Stored items from a collection:
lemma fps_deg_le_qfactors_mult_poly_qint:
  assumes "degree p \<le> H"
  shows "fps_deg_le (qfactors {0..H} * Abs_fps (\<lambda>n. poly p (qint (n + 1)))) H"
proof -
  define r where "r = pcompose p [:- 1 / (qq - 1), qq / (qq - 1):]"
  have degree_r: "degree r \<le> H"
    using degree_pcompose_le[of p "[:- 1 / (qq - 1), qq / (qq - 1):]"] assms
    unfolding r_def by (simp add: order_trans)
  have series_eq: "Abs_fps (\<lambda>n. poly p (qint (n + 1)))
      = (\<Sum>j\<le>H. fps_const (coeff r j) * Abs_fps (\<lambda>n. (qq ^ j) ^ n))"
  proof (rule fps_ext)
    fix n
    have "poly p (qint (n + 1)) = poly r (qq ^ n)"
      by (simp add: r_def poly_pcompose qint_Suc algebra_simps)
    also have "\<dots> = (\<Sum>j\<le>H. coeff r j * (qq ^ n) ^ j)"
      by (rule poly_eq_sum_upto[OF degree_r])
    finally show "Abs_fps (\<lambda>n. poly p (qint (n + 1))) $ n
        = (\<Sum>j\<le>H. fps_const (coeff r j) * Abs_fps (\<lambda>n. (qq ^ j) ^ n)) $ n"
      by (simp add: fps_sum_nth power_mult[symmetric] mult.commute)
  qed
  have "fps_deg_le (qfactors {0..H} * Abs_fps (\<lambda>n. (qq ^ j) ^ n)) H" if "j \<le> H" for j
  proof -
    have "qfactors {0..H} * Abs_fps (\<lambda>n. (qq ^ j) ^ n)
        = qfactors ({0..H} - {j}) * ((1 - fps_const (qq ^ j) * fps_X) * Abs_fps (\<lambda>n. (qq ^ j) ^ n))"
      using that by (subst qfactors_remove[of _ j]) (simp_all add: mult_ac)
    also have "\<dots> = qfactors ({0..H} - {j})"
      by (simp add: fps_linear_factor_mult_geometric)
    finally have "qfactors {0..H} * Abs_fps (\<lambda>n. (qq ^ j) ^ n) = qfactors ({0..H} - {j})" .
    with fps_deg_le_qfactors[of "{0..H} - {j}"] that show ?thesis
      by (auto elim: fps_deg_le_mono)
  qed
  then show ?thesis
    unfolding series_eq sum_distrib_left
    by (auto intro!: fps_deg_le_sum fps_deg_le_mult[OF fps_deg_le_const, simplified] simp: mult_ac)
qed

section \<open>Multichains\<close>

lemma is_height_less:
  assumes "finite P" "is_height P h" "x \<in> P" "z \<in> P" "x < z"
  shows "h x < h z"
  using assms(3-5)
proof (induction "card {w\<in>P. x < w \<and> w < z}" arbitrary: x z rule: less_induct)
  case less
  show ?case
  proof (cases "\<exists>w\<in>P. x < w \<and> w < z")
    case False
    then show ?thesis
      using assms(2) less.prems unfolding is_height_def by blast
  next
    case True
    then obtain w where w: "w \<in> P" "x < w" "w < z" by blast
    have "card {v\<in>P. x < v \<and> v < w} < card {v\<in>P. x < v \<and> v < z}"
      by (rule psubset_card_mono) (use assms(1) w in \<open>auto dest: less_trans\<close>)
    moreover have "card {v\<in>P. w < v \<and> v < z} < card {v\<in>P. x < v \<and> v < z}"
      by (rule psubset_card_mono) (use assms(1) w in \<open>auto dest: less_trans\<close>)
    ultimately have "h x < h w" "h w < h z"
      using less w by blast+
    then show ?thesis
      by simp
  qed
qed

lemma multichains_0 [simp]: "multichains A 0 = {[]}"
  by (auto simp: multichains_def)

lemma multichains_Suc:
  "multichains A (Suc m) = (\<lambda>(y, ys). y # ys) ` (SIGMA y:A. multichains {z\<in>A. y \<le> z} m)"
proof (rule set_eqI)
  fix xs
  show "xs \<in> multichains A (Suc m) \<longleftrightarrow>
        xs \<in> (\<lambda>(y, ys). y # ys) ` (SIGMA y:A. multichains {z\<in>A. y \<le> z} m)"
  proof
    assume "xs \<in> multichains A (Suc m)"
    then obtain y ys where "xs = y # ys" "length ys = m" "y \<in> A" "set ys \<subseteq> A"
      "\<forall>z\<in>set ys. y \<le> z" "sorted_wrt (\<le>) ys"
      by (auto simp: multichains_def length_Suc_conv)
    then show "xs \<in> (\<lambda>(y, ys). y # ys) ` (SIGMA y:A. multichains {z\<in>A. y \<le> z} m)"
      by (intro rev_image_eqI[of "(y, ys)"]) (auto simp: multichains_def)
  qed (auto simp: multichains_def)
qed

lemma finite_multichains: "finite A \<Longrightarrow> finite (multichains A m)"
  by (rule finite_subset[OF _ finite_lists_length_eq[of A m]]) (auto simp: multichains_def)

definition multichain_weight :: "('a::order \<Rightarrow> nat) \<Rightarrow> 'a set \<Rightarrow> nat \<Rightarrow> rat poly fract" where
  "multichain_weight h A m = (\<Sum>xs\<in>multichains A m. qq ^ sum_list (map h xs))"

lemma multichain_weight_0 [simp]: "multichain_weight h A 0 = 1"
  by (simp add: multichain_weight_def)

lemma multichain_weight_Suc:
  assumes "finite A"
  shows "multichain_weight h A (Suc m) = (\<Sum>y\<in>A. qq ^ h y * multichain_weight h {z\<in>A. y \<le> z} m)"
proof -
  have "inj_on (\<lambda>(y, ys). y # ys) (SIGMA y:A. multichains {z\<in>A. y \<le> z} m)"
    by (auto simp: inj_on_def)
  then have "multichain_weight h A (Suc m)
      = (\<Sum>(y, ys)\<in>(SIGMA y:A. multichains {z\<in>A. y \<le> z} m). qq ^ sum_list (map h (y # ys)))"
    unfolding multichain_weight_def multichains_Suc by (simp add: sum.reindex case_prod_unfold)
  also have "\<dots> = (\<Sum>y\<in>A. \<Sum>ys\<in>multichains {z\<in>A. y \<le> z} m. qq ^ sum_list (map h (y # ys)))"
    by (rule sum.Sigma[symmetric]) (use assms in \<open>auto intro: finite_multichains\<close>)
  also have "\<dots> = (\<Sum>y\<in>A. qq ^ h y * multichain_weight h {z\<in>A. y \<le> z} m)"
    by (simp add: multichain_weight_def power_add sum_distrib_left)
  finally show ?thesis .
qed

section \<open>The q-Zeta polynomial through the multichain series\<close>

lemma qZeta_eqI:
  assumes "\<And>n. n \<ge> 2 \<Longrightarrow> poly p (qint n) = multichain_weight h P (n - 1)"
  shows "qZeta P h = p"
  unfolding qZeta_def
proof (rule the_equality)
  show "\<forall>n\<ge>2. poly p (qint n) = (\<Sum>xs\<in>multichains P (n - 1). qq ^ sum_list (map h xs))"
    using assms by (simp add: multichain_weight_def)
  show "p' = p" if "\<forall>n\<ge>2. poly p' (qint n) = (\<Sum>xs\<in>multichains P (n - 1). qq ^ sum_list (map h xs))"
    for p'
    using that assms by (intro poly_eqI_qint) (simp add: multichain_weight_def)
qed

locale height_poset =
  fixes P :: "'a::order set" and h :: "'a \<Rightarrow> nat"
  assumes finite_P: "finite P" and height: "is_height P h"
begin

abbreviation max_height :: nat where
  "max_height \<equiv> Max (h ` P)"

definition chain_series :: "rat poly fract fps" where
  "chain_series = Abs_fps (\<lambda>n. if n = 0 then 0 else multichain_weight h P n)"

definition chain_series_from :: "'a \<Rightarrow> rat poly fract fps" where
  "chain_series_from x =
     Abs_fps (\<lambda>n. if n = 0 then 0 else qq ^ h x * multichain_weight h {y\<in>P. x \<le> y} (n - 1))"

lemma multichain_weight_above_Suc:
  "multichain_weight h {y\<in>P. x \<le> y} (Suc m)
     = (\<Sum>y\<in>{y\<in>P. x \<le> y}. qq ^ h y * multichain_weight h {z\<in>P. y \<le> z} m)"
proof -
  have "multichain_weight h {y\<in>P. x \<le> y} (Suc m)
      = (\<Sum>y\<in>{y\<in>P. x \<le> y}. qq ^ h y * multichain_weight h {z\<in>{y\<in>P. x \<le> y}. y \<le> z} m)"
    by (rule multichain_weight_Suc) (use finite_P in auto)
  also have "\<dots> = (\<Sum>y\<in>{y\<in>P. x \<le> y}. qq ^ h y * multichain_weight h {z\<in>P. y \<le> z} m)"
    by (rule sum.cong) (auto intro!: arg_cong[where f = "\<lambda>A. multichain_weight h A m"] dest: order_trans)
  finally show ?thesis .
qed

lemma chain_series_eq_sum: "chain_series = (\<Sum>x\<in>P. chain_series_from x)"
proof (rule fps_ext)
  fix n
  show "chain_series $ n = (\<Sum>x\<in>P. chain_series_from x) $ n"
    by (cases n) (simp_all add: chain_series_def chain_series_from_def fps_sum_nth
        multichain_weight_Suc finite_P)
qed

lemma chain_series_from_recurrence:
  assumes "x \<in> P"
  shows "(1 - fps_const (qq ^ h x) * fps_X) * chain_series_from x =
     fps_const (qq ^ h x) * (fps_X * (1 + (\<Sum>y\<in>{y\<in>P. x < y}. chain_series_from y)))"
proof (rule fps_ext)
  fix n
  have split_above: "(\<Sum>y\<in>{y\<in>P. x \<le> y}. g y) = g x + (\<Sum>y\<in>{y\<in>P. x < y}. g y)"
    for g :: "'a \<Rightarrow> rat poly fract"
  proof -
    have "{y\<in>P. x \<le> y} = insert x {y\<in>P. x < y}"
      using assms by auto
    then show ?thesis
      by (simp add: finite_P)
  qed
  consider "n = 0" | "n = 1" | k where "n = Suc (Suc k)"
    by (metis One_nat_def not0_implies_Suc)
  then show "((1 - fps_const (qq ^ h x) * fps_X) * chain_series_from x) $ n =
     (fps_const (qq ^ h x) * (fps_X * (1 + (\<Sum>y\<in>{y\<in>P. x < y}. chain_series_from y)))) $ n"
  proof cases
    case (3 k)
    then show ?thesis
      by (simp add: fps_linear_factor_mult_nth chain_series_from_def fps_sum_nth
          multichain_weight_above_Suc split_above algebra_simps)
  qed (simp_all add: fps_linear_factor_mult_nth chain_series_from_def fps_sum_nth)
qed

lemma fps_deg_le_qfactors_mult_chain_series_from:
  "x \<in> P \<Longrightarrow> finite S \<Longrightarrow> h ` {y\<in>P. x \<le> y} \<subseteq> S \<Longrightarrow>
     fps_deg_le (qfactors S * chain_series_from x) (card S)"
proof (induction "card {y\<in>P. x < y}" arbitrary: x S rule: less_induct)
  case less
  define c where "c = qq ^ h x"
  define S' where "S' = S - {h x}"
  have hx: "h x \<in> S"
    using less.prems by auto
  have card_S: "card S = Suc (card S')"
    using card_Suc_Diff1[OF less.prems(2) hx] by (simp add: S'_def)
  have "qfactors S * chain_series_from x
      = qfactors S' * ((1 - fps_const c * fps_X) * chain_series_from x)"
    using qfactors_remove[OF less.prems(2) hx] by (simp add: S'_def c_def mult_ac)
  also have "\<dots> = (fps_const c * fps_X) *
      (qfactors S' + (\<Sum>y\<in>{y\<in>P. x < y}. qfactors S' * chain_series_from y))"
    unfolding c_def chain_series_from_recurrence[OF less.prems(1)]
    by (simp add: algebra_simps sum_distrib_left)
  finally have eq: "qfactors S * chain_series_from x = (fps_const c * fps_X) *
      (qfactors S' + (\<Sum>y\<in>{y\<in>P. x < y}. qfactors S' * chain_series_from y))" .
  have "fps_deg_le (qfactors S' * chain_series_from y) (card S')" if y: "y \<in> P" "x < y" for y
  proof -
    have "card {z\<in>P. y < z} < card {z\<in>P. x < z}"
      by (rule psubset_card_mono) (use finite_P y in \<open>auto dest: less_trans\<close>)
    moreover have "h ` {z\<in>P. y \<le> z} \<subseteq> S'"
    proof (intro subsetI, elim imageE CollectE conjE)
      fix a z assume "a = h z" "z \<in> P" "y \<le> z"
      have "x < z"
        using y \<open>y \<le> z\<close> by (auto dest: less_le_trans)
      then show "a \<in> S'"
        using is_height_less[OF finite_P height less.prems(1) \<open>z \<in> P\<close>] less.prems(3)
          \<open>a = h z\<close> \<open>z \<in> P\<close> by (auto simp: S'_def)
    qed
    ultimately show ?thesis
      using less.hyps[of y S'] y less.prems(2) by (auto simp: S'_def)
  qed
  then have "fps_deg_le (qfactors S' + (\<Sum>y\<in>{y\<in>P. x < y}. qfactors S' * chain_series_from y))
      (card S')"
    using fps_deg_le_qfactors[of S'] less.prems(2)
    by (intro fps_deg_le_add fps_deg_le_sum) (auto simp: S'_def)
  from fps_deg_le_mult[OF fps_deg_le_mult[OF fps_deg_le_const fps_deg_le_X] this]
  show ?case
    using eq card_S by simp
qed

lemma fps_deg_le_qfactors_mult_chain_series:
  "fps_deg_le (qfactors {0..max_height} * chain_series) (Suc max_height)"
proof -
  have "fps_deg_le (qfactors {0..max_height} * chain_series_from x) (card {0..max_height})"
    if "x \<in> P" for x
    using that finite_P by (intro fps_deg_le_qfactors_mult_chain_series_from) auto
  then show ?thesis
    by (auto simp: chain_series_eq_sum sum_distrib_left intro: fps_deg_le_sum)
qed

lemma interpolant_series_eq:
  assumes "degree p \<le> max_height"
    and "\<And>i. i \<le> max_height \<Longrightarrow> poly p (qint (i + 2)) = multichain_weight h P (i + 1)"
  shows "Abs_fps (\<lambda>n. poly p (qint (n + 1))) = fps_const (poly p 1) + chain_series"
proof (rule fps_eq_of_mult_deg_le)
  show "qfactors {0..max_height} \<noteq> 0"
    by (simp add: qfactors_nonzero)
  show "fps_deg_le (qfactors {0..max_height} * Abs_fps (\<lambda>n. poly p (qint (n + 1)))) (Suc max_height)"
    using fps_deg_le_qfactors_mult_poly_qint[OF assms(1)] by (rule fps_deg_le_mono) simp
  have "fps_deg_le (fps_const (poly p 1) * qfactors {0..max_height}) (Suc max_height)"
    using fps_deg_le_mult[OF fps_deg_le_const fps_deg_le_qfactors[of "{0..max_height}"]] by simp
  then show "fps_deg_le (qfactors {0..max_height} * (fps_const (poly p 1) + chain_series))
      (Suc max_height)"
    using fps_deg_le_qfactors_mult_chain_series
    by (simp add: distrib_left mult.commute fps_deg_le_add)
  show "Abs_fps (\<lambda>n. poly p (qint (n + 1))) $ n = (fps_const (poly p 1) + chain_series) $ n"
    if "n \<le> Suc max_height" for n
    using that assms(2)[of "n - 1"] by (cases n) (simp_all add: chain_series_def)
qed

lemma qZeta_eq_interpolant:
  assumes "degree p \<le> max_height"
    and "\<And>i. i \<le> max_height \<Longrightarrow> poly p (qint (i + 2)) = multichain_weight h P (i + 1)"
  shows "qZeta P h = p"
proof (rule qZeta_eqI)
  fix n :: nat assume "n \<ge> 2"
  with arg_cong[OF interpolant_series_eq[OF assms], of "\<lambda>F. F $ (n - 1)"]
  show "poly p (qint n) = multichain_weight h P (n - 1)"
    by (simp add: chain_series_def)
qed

---

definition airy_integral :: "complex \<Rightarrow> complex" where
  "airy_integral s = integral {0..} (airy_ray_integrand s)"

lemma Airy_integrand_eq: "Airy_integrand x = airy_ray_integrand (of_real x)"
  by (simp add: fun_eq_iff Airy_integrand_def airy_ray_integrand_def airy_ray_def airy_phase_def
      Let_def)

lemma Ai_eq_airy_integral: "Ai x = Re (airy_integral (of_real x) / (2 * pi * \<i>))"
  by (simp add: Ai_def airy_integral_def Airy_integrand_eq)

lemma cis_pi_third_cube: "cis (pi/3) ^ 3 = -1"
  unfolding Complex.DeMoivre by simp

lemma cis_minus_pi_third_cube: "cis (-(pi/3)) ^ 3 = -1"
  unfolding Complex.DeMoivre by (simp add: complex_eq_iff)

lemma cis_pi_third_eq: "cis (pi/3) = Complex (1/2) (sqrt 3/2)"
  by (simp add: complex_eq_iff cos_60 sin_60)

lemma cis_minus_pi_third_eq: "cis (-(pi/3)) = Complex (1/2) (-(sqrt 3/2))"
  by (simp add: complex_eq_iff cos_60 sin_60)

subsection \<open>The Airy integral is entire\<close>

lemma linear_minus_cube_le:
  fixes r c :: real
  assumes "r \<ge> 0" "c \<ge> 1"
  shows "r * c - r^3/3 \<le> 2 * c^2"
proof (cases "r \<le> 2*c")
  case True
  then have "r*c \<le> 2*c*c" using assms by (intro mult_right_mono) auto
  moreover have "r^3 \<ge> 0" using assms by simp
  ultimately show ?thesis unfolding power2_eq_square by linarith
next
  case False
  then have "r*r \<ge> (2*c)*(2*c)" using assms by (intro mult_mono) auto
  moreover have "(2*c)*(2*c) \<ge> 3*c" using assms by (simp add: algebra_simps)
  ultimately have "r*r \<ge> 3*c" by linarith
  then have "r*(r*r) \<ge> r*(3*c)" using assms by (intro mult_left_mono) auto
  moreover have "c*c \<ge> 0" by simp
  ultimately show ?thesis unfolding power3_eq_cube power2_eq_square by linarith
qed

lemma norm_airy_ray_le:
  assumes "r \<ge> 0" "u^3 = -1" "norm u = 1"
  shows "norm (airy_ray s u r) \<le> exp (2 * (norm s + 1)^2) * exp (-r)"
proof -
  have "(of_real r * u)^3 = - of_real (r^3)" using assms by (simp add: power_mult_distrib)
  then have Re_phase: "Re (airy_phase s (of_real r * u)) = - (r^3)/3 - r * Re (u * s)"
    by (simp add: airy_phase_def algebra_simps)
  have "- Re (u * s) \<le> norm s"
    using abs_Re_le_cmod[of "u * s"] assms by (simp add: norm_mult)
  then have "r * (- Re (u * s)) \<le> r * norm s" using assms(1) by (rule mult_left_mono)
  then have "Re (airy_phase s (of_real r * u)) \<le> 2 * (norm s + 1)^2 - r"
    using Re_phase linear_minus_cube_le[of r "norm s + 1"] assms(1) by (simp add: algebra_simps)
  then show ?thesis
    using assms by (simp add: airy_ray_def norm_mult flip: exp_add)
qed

# What needs to be done
An exact copy of the lines above, from the one containing "that show ?thesis" through the one containing "then obtain y", is the whole of the answer.

# Exercise output
    with fps_deg_le_qfactors[of "{0..H} - {j}"] that show ?thesis
      by (auto elim: fps_deg_le_mono)
  qed
  then show ?thesis
    unfolding series_eq sum_distrib_left
    by (auto intro!: fps_deg_le_sum fps_deg_le_mult[OF fps_deg_le_const, simplified] simp: mult_ac)
qed

section \<open>Multichains\<close>

lemma is_height_less:
  assumes "finite P" "is_height P h" "x \<in> P" "z \<in> P" "x < z"
  shows "h x < h z"
  using assms(3-5)
proof (induction "card {w\<in>P. x < w \<and> w < z}" arbitrary: x z rule: less_induct)
  case less
  show ?case
  proof (cases "\<exists>w\<in>P. x < w \<and> w < z")
    case False
    then show ?thesis
      using assms(2) less.prems unfolding is_height_def by blast
  next
    case True
    then obtain w where w: "w \<in> P" "x < w" "w < z" by blast
    have "card {v\<in>P. x < v \<and> v < w} < card {v\<in>P. x < v \<and> v < z}"
      by (rule psubset_card_mono) (use assms(1) w in \<open>auto dest: less_trans\<close>)
    moreover have "card {v\<in>P. w < v \<and> v < z} < card {v\<in>P. x < v \<and> v < z}"
      by (rule psubset_card_mono) (use assms(1) w in \<open>auto dest: less_trans\<close>)
    ultimately have "h x < h w" "h w < h z"
      using less w by blast+
    then show ?thesis
      by simp
  qed
qed

lemma multichains_0 [simp]: "multichains A 0 = {[]}"
  by (auto simp: multichains_def)

lemma multichains_Suc:
  "multichains A (Suc m) = (\<lambda>(y, ys). y # ys) ` (SIGMA y:A. multichains {z\<in>A. y \<le> z} m)"
proof (rule set_eqI)
  fix xs
  show "xs \<in> multichains A (Suc m) \<longleftrightarrow>
        xs \<in> (\<lambda>(y, ys). y # ys) ` (SIGMA y:A. multichains {z\<in>A. y \<le> z} m)"
  proof
    assume "xs \<in> multichains A (Suc m)"
    then obtain y ys where "xs = y # ys" "length ys = m" "y \<in> A" "set ys \<subseteq> A"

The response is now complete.